__Exercise inputs__:
(* Let $f:\mathbb{N}\to[0,\infty)$ be a decreasing function with $\sum_{n=1}^\infty f(n)=\infty$. (1) If $A\subseteq\mathbb{N}$ satisfies $\liminf_{N\to\infty}\frac1N\sum_{n=1}^N\mathbbm{1}(n\in A)>0$, then \[ \sum_{n\in A}f(n)=\infty \qquad\text{and}\qquad \liminf_{N\to\infty}\frac{\sum_{n=1}^N\mathbbm{1}(n\in A)f(n)}{\sum_{n=1}^Nf(n)}>0. \] (2) There exists a convex, strictly increasing function $a:\mathbb{N}\to\mathbb{N}$ with $\lim_{n\to\infty}(a(n)-a(n-1))=\infty$ such that $\sum_{n=1}^\infty f(a(n))=\infty$. *)

theory Defs
  imports "HOL-Analysis.Analysis"
begin

end

theory Submission
  imports Defs
begin

(* Part (1) is Abel summation. With S N = card (A \<inter> {1..N}), the sum of f over A \<inter> {1..N}
   equals S N * f N + (\<Sum>n=1..<N. S n * (f n - f (n+1))). As f decreases, replacing S n by
   \<delta> * n (valid for large n) can only lower it, so this sum is at least \<delta> times the
   partial sum of f up to N, minus a constant.

   Part (2) chooses the gaps a (n+1) - a n = \<lceil>sqrt (P (a n))\<rceil>, where P x is 1 plus the
   partial sum of f below x. Since P increases to infinity, the gaps increase to infinity.
   On a block [x, y) with y = x + \<lceil>sqrt (P x)\<rceil> we have P y - P x \<le> (sqrt (P x) + 1) * f x
   \<le> 2 * sqrt (P y) * f x, hence sqrt (P y) - sqrt (P x) \<le> 2 * f x; telescoping gives
   \<Sum>n<N. f (a n) \<ge> (sqrt (P (a N)) - 1) / 2, which tends to infinity. *)

lemma not_summable_iff_partial_sums_at_top:
  fixes g :: "nat \<Rightarrow> real"
  assumes "\<And>n. 0 \<le> g n"
  shows "\<not> summable g \<longleftrightarrow> filterlim (\<lambda>N. \<Sum>n<N. g n) at_top sequentially"
proof
  assume ns: "\<not> summable g"
  show "filterlim (\<lambda>N. \<Sum>n<N. g n) at_top sequentially"
    unfolding filterlim_at_top
  proof
    fix B
    obtain N0 where N0: "B < (\<Sum>n<N0. g n)"
      using summableI_nonneg_bounded[of g B] assms ns by (meson not_le)
    have "B \<le> (\<Sum>n<N. g n)" if "N0 \<le> N" for N
      using N0 sum_mono2[of "{..<N}" "{..<N0}" g] that assms by fastforce
    then show "\<forall>\<^sub>F N in sequentially. B \<le> (\<Sum>n<N. g n)"
      unfolding eventually_sequentially by blast
  qed
next
  assume lim: "filterlim (\<lambda>N. \<Sum>n<N. g n) at_top sequentially"
  show "\<not> summable g"
  proof
    assume "summable g"
    then have "\<forall>N. (\<Sum>n<N. g n) \<le> suminf g"
      using sum_le_suminf assms by blast
    moreover obtain N where "suminf g + 1 \<le> (\<Sum>n<N. g n)"
      using lim unfolding filterlim_at_top eventually_sequentially by blast
    ultimately show False by (meson add_le_same_cancel1 not_one_le_zero order_trans)
  qed
qed
(* A point outside the depth region of a sample x_1, ..., x_N lies strictly below every x_i with
   respect to some tau_k, so it suffices to bound the probability that the set of such points has
   mass greater than alpha. Ties among the tau_k are broken by passing to X x [0, 1] with atomless
   scores s_k, randomised probability integral transforms of the tau_k that are monotone in tau_k.
   For atomless scores we induct on the number of scores: the sample is covered by the events
   "x_j minimises s_1"; given x_j = a, the other N - 1 points lie above a, where the remaining
   scores must exceed the rescaled level (alpha b - g) / (b - g), g being the mass below a.
   As g is uniform on [0, b], integrating the inductive bound over g and summing over j gives
   b^N times the binomial tail. *)

section \<open>Binomial tails as integrals\<close>

definition binomial_lower_tail :: "nat \<Rightarrow> nat \<Rightarrow> real \<Rightarrow> real" where
  "binomial_lower_tail n m p = (\<Sum>k = 0..<m. real (n choose k) * p ^ k * (1 - p) ^ (n - k))"

lemma has_integral_power_diff:
  fixes a c :: real
  assumes "a \<le> c"
  shows "((\<lambda>g. (c - g) ^ j) has_integral (c - a) ^ Suc j / Suc j) {a..c}"
proof -
  have power_deriv: "((\<lambda>g. (c - g) ^ Suc j) has_real_derivative real (Suc j) * (c - x) ^ j * (0 - 1))
      (at x within {a..c})" for x
    by (intro derivative_eq_intros) auto
  have "((\<lambda>g. - ((c - g) ^ Suc j / Suc j)) has_real_derivative (c - x) ^ j) (at x within {a..c})"
    for x
    using DERIV_minus[OF DERIV_cdivide[OF power_deriv[of x], where c="real (Suc j)"]]
    by (simp del: of_nat_Suc power_Suc)
  from fundamental_theorem_of_calculus[OF assms this[unfolded has_real_derivative_iff_has_vector_derivative]]
  show ?thesis by simp
qed

lemma nn_integral_power_diff:
  fixes a c :: real
  assumes "a \<le> c"
  shows "(\<integral>\<^sup>+ g. indicator {a..c} g * ennreal ((c - g) ^ j) \<partial>lborel) = ennreal ((c - a) ^ Suc j / Suc j)"
  using nn_integral_has_integral_lebesgue'[OF _ has_integral_power_diff[OF assms]]
  by (simp add: mult.commute)

lemma binomial_lower_tail_rescaled:
  fixes a c g :: real
  assumes "g \<noteq> c"
  shows "(c - g) ^ n * binomial_lower_tail n m ((a - g) / (c - g))
       = (\<Sum>j<m. real (n choose j) * (c - a) ^ (n - j) * (a - g) ^ j)"
  unfolding binomial_lower_tail_def sum_distrib_left atLeast0LessThan
proof (rule sum.cong[OF refl])
  fix j
  have "1 - (a - g) / (c - g) = (c - a) / (c - g)"
    using assms by (simp add: field_simps)
  moreover have "(c - g) ^ n = (c - g) ^ j * (c - g) ^ (n - j)" if "j \<le> n"
    using that by (simp flip: power_add)
  ultimately show "(c - g) ^ n * (real (n choose j) * ((a - g) / (c - g)) ^ j * (1 - (a - g) / (c - g)) ^ (n - j))
      = real (n choose j) * (c - a) ^ (n - j) * (a - g) ^ j"
    using assms by (cases "j \<le> n") (simp_all add: field_simps)
qed

text \<open>The bracket on the right is the integral of \<open>\<Sum>j<m. (n choose j) q^(n-j) (p - g)^j\<close> over
  \<open>[0, p]\<close> plus that of \<open>(p + q - g)^n\<close> over \<open>[p, p + q]\<close>.\<close>

lemma binomial_sum_Suc_eq_integrated:
  fixes p q :: real
  shows "(\<Sum>k<Suc m. real (Suc n choose k) * p ^ k * q ^ (Suc n - k))
       = real (Suc n) * ((\<Sum>j<m. real (n choose j) * q ^ (n - j) * (p ^ Suc j / Suc j)) + q ^ Suc n / Suc n)"
proof -
  have "real (Suc n choose Suc j) * p ^ Suc j * q ^ (Suc n - Suc j)
      = real (Suc n) * (real (n choose j) * q ^ (n - j) * (p ^ Suc j / Suc j))" for j
  proof -
    have "real (Suc j) * real (Suc n choose Suc j) = real (Suc n) * real (n choose j)"
      using Suc_times_binomial[of j n] by (metis of_nat_mult)
    then show ?thesis
      by (simp add: field_simps del: of_nat_Suc binomial_Suc_Suc)
  qed
  then show ?thesis
    by (simp add: lessThan_Suc_eq_insert_0 sum.reindex sum_distrib_left distrib_left)
qed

__Task requirements__: Find where the line with "using sum_le_suminf assms by blast" sits in the material above, then copy exactly from it through the line with "respect to some". Add no other line.

__Reply to the task__:
      using sum_le_suminf assms by blast
    moreover obtain N where "suminf g + 1 \<le> (\<Sum>n<N. g n)"
      using lim unfolding filterlim_at_top eventually_sequentially by blast
    ultimately show False by (meson add_le_same_cancel1 not_one_le_zero order_trans)
  qed
qed
(* A point outside the depth region of a sample x_1, ..., x_N lies strictly below every x_i with
   respect to some tau_k, so it suffices to bound the probability that the set of such points has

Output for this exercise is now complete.